The static Create method instantiates a LyraEncoder with the desired sample
rate in Hertz, number of channels and bitrate, as long as those parameters are
supported (see lyra_encoder.h for supported parameters). Otherwise it returns
a nullptr. The Create method also needs to know if DTX should be enabled and
where the model weights are stored. It also checks that these weights exist and
are compatible with the current Lyra version.

Given a LyraEncoder, any audio stream can be compressed using the Encode
method. The provided span of int16-formatted samples is assumed to contain 20ms
of data at the sample rate chosen at Create time. As long as this condition is
met the Encode method returns the encoded packet as a vector of bytes that is
ready to be stored or transmitted over the network.

The bitrate can be dynamically modified using the set_bitrate setter. It
returns true if the desired bitrate is supported and correctly set.

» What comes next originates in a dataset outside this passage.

(* Consider the setting described in the context (decentralized affine nonlinear system, loop $j$, controller $K_{i,j}$ with $A_{jj}-B_{jj}K_{i,j}$ Hurwitz, sample times $t_0<\dots<t_l$, data trajectories, and a block-diagonal state transformation $S=\mathrm{diag}(S_1,\dots,S_N)$ with $S_j\in\mathrm{GL}(n_j)$). Let $\mathbf{A}_{i,j},\mathbf{b}_{i,j}$ be the dEIRL regression matrix and vector and $\tilde{\mathbf{A}}_{i,j},\tilde{\mathbf{b}}_{i,j}$ the MEE (modulated) regression matrix and vector. Then $P_{i,j}\in\mathbb{S}^{n_j}$, $P_{i,j}>0$, satisfies the dEIRL regression $\mathbf{A}_{i,j}\operatorname{svec}(P_{i,j})=\mathbf{b}_{i,j}$ if and only if $\tilde P_{i,j}=S_j^{-T}P_{i,j}S_j^{-1}$ satisfies the MEE regression $\tilde{\mathbf{A}}_{i,j}\operatorname{svec}(\tilde P_{i,j})=\tilde{\mathbf{b}}_{i,j}$. Furthermore, $$\tilde{\mathbf{A}}_{i,j}=\mathbf{A}_{i,j}(S_j\,\underline{\otimes}\, S_j)^T,\qquad \tilde{\mathbf{b}}_{i,j}=\mathbf{b}_{i,j}.$$
   Context: Symmetric Kronecker algebra: for $k\in\mathbb{N}$ let $\underline{k}=k(k+1)/2$, $\mathbb{S}^k$ the real symmetric $k\times k$ matrices, $\operatorname{vec}$ column-stacking, $\otimes$ the Kronecker product, $e_1,\dots,e_k$ the standard basis. Enumerate pairs $(r,c)$, $1\le r\le c\le k$, in the order $(1,1),\dots,(1,k),(2,2),\dots,(2,k),\dots,(k,k)$ as $(r(\ell),c(\ell))$; set $E_\ell=e_{r(\ell)}e_{r(\ell)}^T$ if $r(\ell)=c(\ell)$, $E_\ell=\frac{\sqrt2}{2}(e_{r(\ell)}e_{c(\ell)}^T+e_{c(\ell)}e_{r(\ell)}^T)$ otherwise; $W_k\in\mathbb{R}^{\underline{k}\times k^2}$ has $\ell$-th row $\operatorname{vec}(E_\ell)^T$. For $A,B\in\mathbb{R}^{p\times q}$, $A\,\underline{\otimes}\, B = W_p(A\otimes B)W_q^T$ (for row vectors $a^T,b^T$, $a,b\in\mathbb{R}^q$: $a^T\,\underline{\otimes}\, b^T=(a\otimes b)^TW_q^T$). $\operatorname{svec}(P)=W_k\operatorname{vec}(P)$ for $P\in\mathbb{S}^k$. For $t_0<\dots<t_l$ and $x,y:[t_0,t_l]\to\mathbb{R}^k$: $\delta_{x,y}\in\mathbb{R}^{l\times\underline{k}}$ has $k'$-th row $(x(t_{k'})+y(t_{k'-1}))^T\,\underline{\otimes}\,(x(t_{k'})-y(t_{k'-1}))^T$, and for square-integrable $x,y$, $I_{x,y}\in\mathbb{R}^{l\times\underline{k}}$ has $k'$-th row $\int_{t_{k'-1}}^{t_{k'}}x^T\,\underline{\otimes}\, y^T\,d\tau$. System: $\dot x=f(x)+g(x)u$, $x\in\mathbb{R}^n$, $u\in\mathbb{R}^m$, with $f(0)=0$, $f,g$ Lipschitz on a compact set containing the origin in its interior, and state partitioned into $N$ loops $x=(x_1,\dots,x_N)$, $x_j\in\mathbb{R}^{n_j}$, $u=(u_1,\dots,u_N)$, $u_j\in\mathbb{R}^{m_j}$, so that $\dot x_j=f_j(x)+g_j(x)u$ with $g_j(x)\in\mathbb{R}^{n_j\times m}$. $(A,B)$ is the linearization at $0$, with diagonal blocks $A_{jj}\in\mathbb{R}^{n_j\times n_j}$, $B_{jj}\in\mathbb{R}^{n_j\times m_j}$. Cost matrices $Q_j\in\mathbb{S}^{n_j}$, $Q_j\ge0$, $R_j\in\mathbb{S}^{m_j}$, $R_j>0$. Fix loop $j$ and $K_{i,j}\in\mathbb{R}^{m_j\times n_j}$ with $A_{jj}-B_{jj}K_{i,j}$ Hurwitz, and put $Q_{i,j}=Q_j+K_{i,j}^TR_jK_{i,j}$. Let $x(\cdot),u(\cdot)$ be a (square-integrable) state-input trajectory on $[t_0,t_l]$ and $w_j=f_j(x)-A_{jj}x_j$. The dEIRL regression is $\mathbf{A}_{i,j}=\delta_{x_j,x_j}-2\big[I_{x_j,x_j}(I_{n_j}\,\underline{\otimes}\, B_{jj}K_{i,j})^T+I_{x_j,g_j(x)u}+I_{x_j,w_j}\big]\in\mathbb{R}^{l\times\underline{n}_j}$, $\mathbf{b}_{i,j}=-I_{x_j,x_j}\operatorname{svec}(Q_{i,j})$. Modulation: $S=\mathrm{diag}(S_1,\dots,S_N)$, $S_j\in\mathrm{GL}(n_j)$, $\tilde x=Sx$, $\tilde x_j=S_jx_j$; $\tilde f_j=S_j\circ f_j\circ S^{-1}$, $\tilde g_j=S_j\circ g_j\circ S^{-1}$, $\tilde A_{jj}=S_jA_{jj}S_j^{-1}$, $\tilde B_{jj}=S_jB_{jj}$, $\tilde Q_j=S_j^{-T}Q_jS_j^{-1}$, $\tilde K_{i,j}=K_{i,j}S_j^{-1}$, $\tilde Q_{i,j}=\tilde Q_j+\tilde K_{i,j}^TR_j\tilde K_{i,j}$, $\tilde w_j=\tilde f_j(\tilde x)-\tilde A_{jj}\tilde x_j$. The MEE regression $(\tilde{\mathbf{A}}_{i,j},\tilde{\mathbf{b}}_{i,j})$ is defined by the same formulas as $(\mathbf{A}_{i,j},\mathbf{b}_{i,j})$ with every quantity replaced by its tilded counterpart (data $\tilde x_j$, $\tilde g_j(\tilde x)u$, $\tilde w_j$, $\tilde B_{jj}\tilde K_{i,j}$, $\tilde Q_{i,j}$). *)

theory Defs
  imports "HOL-Analysis.Analysis" "Jordan_Normal_Form.Matrix" "Jordan_Normal_Form.Char_Poly"
begin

The rest of the LyraEncoder methods are just getters for the different
predetermined parameters.

On the receiving end, LyraDecoder can be used to decode the encoded packet
using the following interface:

class LyraDecoder : public LyraDecoderInterface {
 public:
  static std::unique_ptr<LyraDecoder> Create(
      int sample_rate_hz, int num_channels,
      const ghc::filesystem::path& model_path);

  bool SetEncodedPacket(absl::Span<const uint8_t> encoded) override;

  std::optional<std::vector<int16_t>> DecodeSamples(int num_samples) override;

  int sample_rate_hz() const override;

  int num_channels() const override;

  int frame_rate() const override;

  bool is_comfort_noise() const override;
};

Once again, the static Create method instantiates a LyraDecoder with the
desired sample rate in Hertz and number of channels, as long as those parameters
are supported. Else it returns a nullptr. These parameters don’t need to be
the same as the ones in LyraEncoder. And once again, the Create method also
needs to know where the model weights are stored. It also checks that these
weights exist and are compatible with the current Lyra version.

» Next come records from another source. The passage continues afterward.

(* Let $u,v\in\mathbb{Z}[i]$ with $u+v\in O^I$, $uv\equiv0\pmod{1+i}$ and $\gcd(u,v)\in U$, and suppose the discriminant $(u+v)^2+4iuv$ of $z^2-(u+v)z-iuv=0$ is a square in $\mathbb{Z}[i]$. Then there exist $x,y\in\mathbb{Z}[i]$ with $\gcd(x,y)\in U$ such that $x-y=u+v$ and $xy=iuv$.
   Context: $\mathbb{Z}[i]$ is the ring of Gaussian integers, $U=\{1,-1,i,-i\}$ its unit group; $R(\alpha),I(\alpha)$ are real and imaginary parts. $\gcd(x,y)\in U$ means no common non-unit divisor. $O=\{\alpha: R(\alpha)+I(\alpha)\equiv1\pmod 2\}$, $O^I=\{\alpha\in O: R(\alpha)\equiv 1\pmod 4\}$. *)

theory Defs
  imports Complex_Main
begin

definition GI :: "complex set" where
  "GI = {z. Re z \<in> \<int> \<and> Im z \<in> \<int>}"

definition gdvd :: "complex \<Rightarrow> complex \<Rightarrow> bool" (infix "gdvd" 50) where
  "a gdvd b \<longleftrightarrow> (\<exists>k\<in>GI. b = a * k)"

definition gunits :: "complex set" where
  "gunits = {1, -1, \<i>, -\<i>}"

text \<open>gcd(x,y) in U: x and y have no common non-unit divisor in Z[i].\<close>
definition gcoprime :: "complex \<Rightarrow> complex \<Rightarrow> bool" where
  "gcoprime x y \<longleftrightarrow> (\<forall>d\<in>GI. d gdvd x \<and> d gdvd y \<longrightarrow> d \<in> gunits)"

definition GO :: "complex set" where
  "GO = {z\<in>GI. odd (\<lfloor>Re z\<rfloor> + \<lfloor>Im z\<rfloor>)}"

definition GOI :: "complex set" where
  "GOI = {z\<in>GO. \<lfloor>Re z\<rfloor> mod 4 = 1}"

end

theory Submission
  imports Defs
begin

text \<open>The roots of \<open>z\<^sup>2 - s z - m\<close> are \<open>x = (s + w)/2\<close> and \<open>-y = (s - w)/2\<close>, where
  \<open>w\<^sup>2 = s\<^sup>2 + 4m\<close>; they satisfy \<open>x - y = s\<close> and \<open>x y = m\<close>. Since \<open>s = u + v\<close> has real and
  imaginary parts of different parity, comparing \<open>w\<^sup>2\<close> with \<open>s\<^sup>2\<close> modulo 4 forces
  \<open>w \<equiv> s (mod 2)\<close>, so \<open>x, y\<close> are Gaussian integers. A common divisor of \<open>x\<close> and \<open>y\<close>
  divides \<open>u + v\<close> and \<open>u v\<close>, hence \<open>u\<^sup>2\<close> and \<open>v\<^sup>2\<close>, hence \<open>(p u + q v)\<^sup>3 = 1\<close> for
  a Bezout relation of the coprime pair \<open>u, v\<close>; so it is a unit.\<close>

lemma GI_iff: "z \<in> GI \<longleftrightarrow> Re z \<in> \<int> \<and> Im z \<in> \<int>"
  by (simp add: GI_def)

lemma GI_0 [simp, intro]: "0 \<in> GI" by (simp add: GI_iff)
lemma GI_1 [simp, intro]: "1 \<in> GI" by (simp add: GI_iff)
lemma GI_add [intro]: "a \<in> GI \<Longrightarrow> b \<in> GI \<Longrightarrow> a + b \<in> GI" by (simp add: GI_iff)
lemma GI_diff [intro]: "a \<in> GI \<Longrightarrow> b \<in> GI \<Longrightarrow> a - b \<in> GI" by (simp add: GI_iff)
lemma GI_uminus [intro]: "a \<in> GI \<Longrightarrow> - a \<in> GI" by (simp add: GI_iff)
lemma GI_mult [intro]: "a \<in> GI \<Longrightarrow> b \<in> GI \<Longrightarrow> a * b \<in> GI" by (simp add: GI_iff)
lemma GI_power [intro]: "a \<in> GI \<Longrightarrow> a ^ n \<in> GI" by (induction n) auto
lemma GI_numeral [simp, intro]: "numeral n \<in> GI" by (simp add: GI_iff)
lemma GI_imaginary_unit [simp, intro]: "\<i> \<in> GI" by (simp add: GI_iff)

lemma GIE:
  assumes "z \<in> GI"
  obtains a b :: int where "Re z = of_int a" "Im z = of_int b"
  using assms by (auto simp: GI_iff elim!: Ints_cases)

lemma gdvd_mult: "d gdvd a \<Longrightarrow> c \<in> GI \<Longrightarrow> d gdvd a * c"
  unfolding gdvd_def by (metis GI_mult mult.assoc)

lemma gdvd_add: "d gdvd a \<Longrightarrow> d gdvd b \<Longrightarrow> d gdvd a + b"
  unfolding gdvd_def by (metis GI_add distrib_left)

lemma gdvd_diff: "d gdvd a \<Longrightarrow> d gdvd b \<Longrightarrow> d gdvd a - b"
  unfolding gdvd_def by (metis GI_diff right_diff_distrib)

lemma gdvd_0: "d gdvd 0"
  unfolding gdvd_def by (metis GI_0 mult_zero_right)

definition gnorm :: "complex \<Rightarrow> nat" where
  "gnorm z = nat \<lfloor>cmod z ^ 2\<rfloor>"

lemma of_nat_gnorm: "z \<in> GI \<Longrightarrow> real (gnorm z) = cmod z ^ 2"
  by (elim GIE) (simp add: gnorm_def cmod_power2 flip: of_int_power of_int_add)

lemma gnorm_less: "a \<in> GI \<Longrightarrow> b \<in> GI \<Longrightarrow> cmod a < cmod b \<Longrightarrow> gnorm a < gnorm b"
  by (metis of_nat_gnorm of_nat_less_imp_less norm_ge_zero power_strict_mono zero_less_numeral)

lemma gdiv_remainder:
  assumes "a \<in> GI" and "b \<noteq> 0"
  shows "\<exists>q\<in>GI. cmod (a - q * b) < cmod b"
proof -
  define z where "z = a / b"
  define q where "q = Complex (of_int (round (Re z))) (of_int (round (Im z)))"
  have "q \<in> GI"
    by (simp add: q_def GI_iff)
  have "\<bar>Re (z - q)\<bar> \<le> 1/2" "\<bar>Im (z - q)\<bar> \<le> 1/2"
    unfolding q_def using of_int_round_abs_le[of "Re z"] of_int_round_abs_le[of "Im z"]
    by (simp_all add: abs_minus_commute)
  then have "Re (z - q) ^ 2 \<le> (1/2) ^ 2" "Im (z - q) ^ 2 \<le> (1/2) ^ 2"
    by (simp_all add: abs_le_square_iff[symmetric])
  then have "cmod (z - q) ^ 2 < 1 ^ 2"
    by (simp add: cmod_power2 power_divide)
  then have "cmod (z - q) < 1"
    by (rule power2_less_imp_less) simp
  moreover have "a - q * b = b * (z - q)"
    using assms(2) by (simp add: z_def algebra_simps)
  ultimately have "cmod (a - q * b) < cmod b"
    using assms(2) by (simp add: norm_mult)
  with \<open>q \<in> GI\<close> show ?thesis by blast
qed

lemma gdvd_one_imp_gunits:
  assumes "d \<in> GI" and "d gdvd 1"
  shows "d \<in> gunits"
proof -
  obtain k where "k \<in> GI" and "1 = d * k"
    using assms(2) by (auto simp: gdvd_def)
  then have "cmod d ^ 2 * cmod k ^ 2 = 1"
    by (metis norm_mult norm_one power_mult_distrib one_power2)
  then have "gnorm d * gnorm k = 1"
    using assms(1) \<open>k \<in> GI\<close> by (metis of_nat_gnorm of_nat_eq_1_iff of_nat_mult)
  then have "cmod d ^ 2 = 1"
    using of_nat_gnorm[OF assms(1)] by simp
  moreover obtain a b where ab: "Re d = of_int a" "Im d = of_int b"
    using assms(1) by (rule GIE)
  ultimately have "a\<^sup>2 + b\<^sup>2 = 1"
    by (simp add: cmod_power2) (metis of_int_eq_1_iff of_int_add of_int_power)
  then have "a\<^sup>2 \<le> 1" "b\<^sup>2 \<le> 1"
    by (smt (verit) zero_le_power2)+
  then have "\<bar>a\<bar> \<le> 1" "\<bar>b\<bar> \<le> 1"
    by (simp_all add: abs_square_le_1)
  then have "a \<in> {-1, 0, 1}" "b \<in> {-1, 0, 1}"
    by auto
  then have "a = 1 \<and> b = 0 \<or> a = -1 \<and> b = 0 \<or> a = 0 \<and> b = 1 \<or> a = 0 \<and> b = -1"
    using \<open>a\<^sup>2 + b\<^sup>2 = 1\<close> by auto
  then show ?thesis
    unfolding gunits_def using ab by (auto simp: complex_eq_iff)
qed

lemma gcoprime_nonzero:
  assumes "gcoprime u v"
  shows "u \<noteq> 0 \<or> v \<noteq> 0"
proof (rule ccontr)
  assume "\<not> ?thesis"
  then have "(2::complex) \<in> gunits"
    using assms gdvd_0[of 2] by (auto simp: gcoprime_def)
  then show False
    by (auto simp: gunits_def complex_eq_iff)
qed

text \<open>The ideal \<open>(u, v)\<close> is generated by an element of least norm, which divides
  \<open>u\<close> and \<open>v\<close> by division with remainder.\<close>

lemma gcoprime_bezout:
  assumes u: "u \<in> GI" and v: "v \<in> GI" and cop: "gcoprime u v"
  shows "\<exists>p\<in>GI. \<exists>q\<in>GI. p * u + q * v = 1"
proof -
  define S where "S = {p * u + q * v | p q. p \<in> GI \<and> q \<in> GI}"
  have S_GI: "S \<subseteq> GI"
    using u v by (auto simp: S_def)
  have "u = 1 * u + 0 * v" "v = 0 * u + 1 * v"
    by simp_all
  then have "u \<in> S" "v \<in> S"
    unfolding S_def by blast+
  then obtain x0 where "x0 \<in> S - {0}"
    using gcoprime_nonzero[OF cop] by blast
  from ex_has_least_nat[of "\<lambda>x. x \<in> S - {0}" x0 gnorm, OF this]
  obtain g where g: "g \<in> S - {0}" and g_min: "\<And>h. h \<in> S - {0} \<Longrightarrow> gnorm g \<le> gnorm h"
    by blast
  obtain p q where pq: "p \<in> GI" "q \<in> GI" "g = p * u + q * v"
    using g by (auto simp: S_def)
  have "g gdvd a" if "a \<in> S" for a
  proof -
    have "a \<in> GI" "g \<in> GI" "g \<noteq> 0"
      using that g S_GI by auto
    then obtain c where c: "c \<in> GI" "cmod (a - c * g) < cmod g"
      using gdiv_remainder by blast
    obtain p' q' where "p' \<in> GI" "q' \<in> GI" "a = p' * u + q' * v"
      using \<open>a \<in> S\<close> by (auto simp: S_def)
    then have "a - c * g = (p' - c * p) * u + (q' - c * q) * v"
      using pq by (simp add: algebra_simps)
    then have "a - c * g \<in> S"
      using \<open>p' \<in> GI\<close> \<open>q' \<in> GI\<close> c(1) pq by (auto simp: S_def)
    moreover have "gnorm (a - c * g) < gnorm g"
      using \<open>a \<in> GI\<close> \<open>g \<in> GI\<close> c by (intro gnorm_less) auto
    ultimately have "a - c * g = 0"
      using g_min by (meson DiffI leD singletonD)
    then have "a = g * c"
      by (simp add: algebra_simps)
    then show ?thesis
      using c(1) by (auto simp: gdvd_def)
  qed
  then have "g gdvd u" "g gdvd v"
    using \<open>u \<in> S\<close> \<open>v \<in> S\<close> by blast+
  then have "g \<in> gunits"
    using cop g S_GI unfolding gcoprime_def by blast
  then have "cnj g * g = 1" "cnj g \<in> GI"
    by (auto simp: gunits_def GI_iff)
  then have "(cnj g * p) * u + (cnj g * q) * v = 1"
    using pq by (simp add: algebra_simps)
  then show ?thesis
    using \<open>cnj g \<in> GI\<close> pq by blast
qed

lemma gcoprime_add_mult:
  assumes u: "u \<in> GI" and v: "v \<in> GI" and cop: "gcoprime u v"
  shows "gcoprime (u + v) (u * v)"
  unfolding gcoprime_def
proof (intro ballI impI)
  fix d assume "d \<in> GI" and d: "d gdvd u + v \<and> d gdvd u * v"
  obtain p q where pq: "p \<in> GI" "q \<in> GI" "p * u + q * v = 1"
    using gcoprime_bezout[OF u v cop] by blast
  have "d gdvd (u + v) * u - u * v" "d gdvd (u + v) * v - u * v"
    using d u v by (blast intro: gdvd_diff gdvd_mult)+
  then have "d gdvd u\<^sup>2" "d gdvd v\<^sup>2"
    by (simp_all add: power2_eq_square algebra_simps)
  moreover have "p ^ 3 * u + 3 * p\<^sup>2 * q * v \<in> GI" "3 * p * q\<^sup>2 * u + q ^ 3 * v \<in> GI"
    using pq u v by (simp_all add: GI_add GI_mult GI_power)
  ultimately have "d gdvd u\<^sup>2 * (p ^ 3 * u + 3 * p\<^sup>2 * q * v) + v\<^sup>2 * (3 * p * q\<^sup>2 * u + q ^ 3 * v)"
    by (intro gdvd_add gdvd_mult)
  also have "\<dots> = (p * u + q * v) ^ 3"
    by (simp add: power2_eq_square power3_eq_cube algebra_simps)
  finally show "d \<in> gunits"
    using pq \<open>d \<in> GI\<close> by (simp add: gdvd_one_imp_gunits)
qed

lemma gcoprime_mult_imaginary_unit:
  assumes "gcoprime a b"
  shows "gcoprime a (\<i> * b)"
  unfolding gcoprime_def
proof (intro ballI impI)
  fix d assume "d \<in> GI" and d: "d gdvd a \<and> d gdvd \<i> * b"
  then have "d gdvd \<i> * b * (- \<i>)"
    using gdvd_mult[of d "\<i> * b" "- \<i>"] by (simp add: GI_uminus)
  moreover have "\<i> * b * (- \<i>) = b"
    by (simp add: algebra_simps)
  ultimately have "d gdvd b"
    by metis
  with d \<open>d \<in> GI\<close> assms show "d \<in> gunits"
    by (auto simp: gcoprime_def)
qed

lemma gcoprime_of_diff_mult:
  assumes "y \<in> GI" and "gcoprime (x - y) (x * y)"
  shows "gcoprime x y"
  unfolding gcoprime_def
proof (intro ballI impI)
  fix d assume "d \<in> GI" and "d gdvd x \<and> d gdvd y"
  then have "d gdvd x - y" "d gdvd x * y"
    using assms(1) by (simp_all add: gdvd_diff gdvd_mult)
  with \<open>d \<in> GI\<close> assms(2) show "d \<in> gunits"
    by (auto simp: gcoprime_def)
qed

lemma half_GI:
  assumes "Re z = of_int a" "Im z = of_int b" "even a" "even b"
  shows "z / 2 \<in> GI"
  using assms by (auto simp: GI_iff elim!: evenE)

lemma square_mod_4: "(x::int)\<^sup>2 mod 4 = (if even x then 0 else 1)"
proof (cases "even x")
  case True
  then show ?thesis
    by (auto elim!: evenE simp: power2_eq_square)
next
  case False
  then obtain k where "x = 2 * k + 1"
    by (blast elim: oddE)
  then have "x\<^sup>2 = 4 * (k * k + k) + 1"
    by (simp add: power2_eq_square algebra_simps)
  then have "x\<^sup>2 mod 4 = 1"
    by (simp only: mod_mult_self4) simp
  with False show ?thesis
    by simp
qed

lemma even_sums_of_square_difference:
  fixes a b c d k :: int
  assumes "odd (a + b)" and "c\<^sup>2 - d\<^sup>2 = a\<^sup>2 - b\<^sup>2 + 4 * k"
  shows "even (a + c) \<and> even (b + d)"
proof -
  have "(c\<^sup>2 mod 4 - d\<^sup>2 mod 4) mod 4 = (a\<^sup>2 mod 4 - b\<^sup>2 mod 4) mod 4"
    using assms(2) by (simp add: mod_diff_eq)
  then have "((if even c then 0 else 1) - (if even d then 0 else 1)) mod 4
      = ((if even a then 0 else 1) - (if even b then 0 else 1) :: int) mod 4"
    by (simp only: square_mod_4)
  then show ?thesis
    using assms(1) by (auto split: if_splits)
qed

lemma half_sum_diff_GI:
  assumes s: "s \<in> GO" and w: "w \<in> GI" and m: "m \<in> GI" and disc: "w\<^sup>2 = s\<^sup>2 + 4 * m"
  shows "(s + w) / 2 \<in> GI" and "(w - s) / 2 \<in> GI"
proof -
  obtain a b where ab: "Re s = of_int a" "Im s = of_int b"
    using s unfolding GO_def by (blast elim: GIE)
  obtain c d where cd: "Re w = of_int c" "Im w = of_int d"
    using w by (rule GIE)
  obtain k where k: "Re m = of_int k"
    using m by (rule GIE)
  have "odd (a + b)"
    using s ab by (simp add: GO_def)
  have "real_of_int (c\<^sup>2 - d\<^sup>2) = of_int (a\<^sup>2 - b\<^sup>2 + 4 * k)"
    using arg_cong[OF disc, of Re] ab cd k by (simp add: power2_eq_square)
  then have "c\<^sup>2 - d\<^sup>2 = a\<^sup>2 - b\<^sup>2 + 4 * k"
    by (metis of_int_eq_iff)
  then have "even (a + c) \<and> even (b + d)"
    by (rule even_sums_of_square_difference[OF \<open>odd (a + b)\<close>])
  moreover have "even (c - a) \<and> even (d - b)"
    using calculation by presburger
  ultimately show "(s + w) / 2 \<in> GI" "(w - s) / 2 \<in> GI"
    using half_GI[of "s + w" "a + c" "b + d"] half_GI[of "w - s" "c - a" "d - b"] ab cd by simp_all
qed

theorem corollary4p22:
  fixes u v :: complex
  assumes "u \<in> GI" and "v \<in> GI"
    and "u + v \<in> GOI"
    and "(1 + \<i>) gdvd (u * v)"
    and "gcoprime u v"
    and "\<exists>w\<in>GI. w ^ 2 = (u + v) ^ 2 + 4 * \<i> * u * v"
  shows "\<exists>x\<in>GI. \<exists>y\<in>GI. gcoprime x y \<and> x - y = u + v \<and> x * y = \<i> * u * v"
proof -
  obtain w where w: "w \<in> GI" and disc: "w\<^sup>2 = (u + v)\<^sup>2 + 4 * (\<i> * u * v)"
    using assms(6) by (auto simp: algebra_simps)
  define x where "x = (u + v + w) / 2"
  define y where "y = (w - (u + v)) / 2"
  have "x \<in> GI" "y \<in> GI"
    using half_sum_diff_GI[OF _ w _ disc] assms(1-3) by (auto simp: GOI_def x_def y_def)
  have diff: "x - y = u + v"
    by (simp add: x_def y_def field_simps)
  have prod: "x * y = \<i> * u * v"
    using disc by (simp add: x_def y_def field_simps power2_eq_square)
  have "gcoprime (u + v) (\<i> * (u * v))"
    using gcoprime_add_mult[OF assms(1,2,5)] by (rule gcoprime_mult_imaginary_unit)
  then have "gcoprime (x - y) (x * y)"
    unfolding diff prod by (simp only: mult.assoc)
  then have "gcoprime x y"
    by (rule gcoprime_of_diff_mult[OF \<open>y \<in> GI\<close>])
  with \<open>x \<in> GI\<close> \<open>y \<in> GI\<close> diff prod show ?thesis
    by blast
qed

end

Given a LyraDecoder, any packet can be decoded by first feeding it into
SetEncodedPacket, which returns true if the provided span of bytes is a valid
Lyra-encoded packet.

Then the int16-formatted samples can be obtained by calling DecodeSamples. If
there isn’t a packet available, but samples still need to be generated, the
decoder might switch to a comfort noise generation mode, which can be checked
using is_comfort_noise.

The rest of the LyraDecoder methods are just getters for the different
predetermined parameters.

For an example on how to use LyraEncoder and LyraDecoder to encode and
decode a stream of audio, please refer to the
integration test.

License

Use of this source code is governed by a Apache v2.0 license that can be found
in the LICENSE file.

Papers

  1. Kleijn, W. B., Lim, F. S., Luebs, A., Skoglund, J., Stimberg, F., Wang, Q.,
    & Walters, T. C. (2018, April).
    Wavenet based low rate speech coding. In
    2018 IEEE international conference on acoustics, speech and signal
    processing (ICASSP) (pp. 676-680). IEEE.
  2. Denton, T., Luebs, A., Chinen, M., Lim, F. S., Storus, A., Yeh, H., Kleijn,
    W. B., & Skoglund, J. (2020, November).
    Handling Background Noise in Neural Speech Generation.
    In 2020 54th Asilomar Conference on Signals, Systems, and Computers (pp.
    667-671). IEEE.
  3. Kleijn, W. B., Storus, A., Chinen, M., Denton, T., Lim, F. S., Luebs, A.,
    Skoglund, J., & Yeh, H. (2021, June).
    Generative speech coding with predictive variance regularization.
    In ICASSP 2021-2021 IEEE International Conference on Acoustics, Speech and
    Signal Processing (ICASSP) (pp. 6478-6482). IEEE.
  4. Zeghidour, N., Luebs, A., Omran, A., Skoglund, J., & Tagliasacchi, M.
    (2021).
    SoundStream: An end-to-end neural audio codec.
    IEEE/ACM Transactions on Audio, Speech, and Language Processing.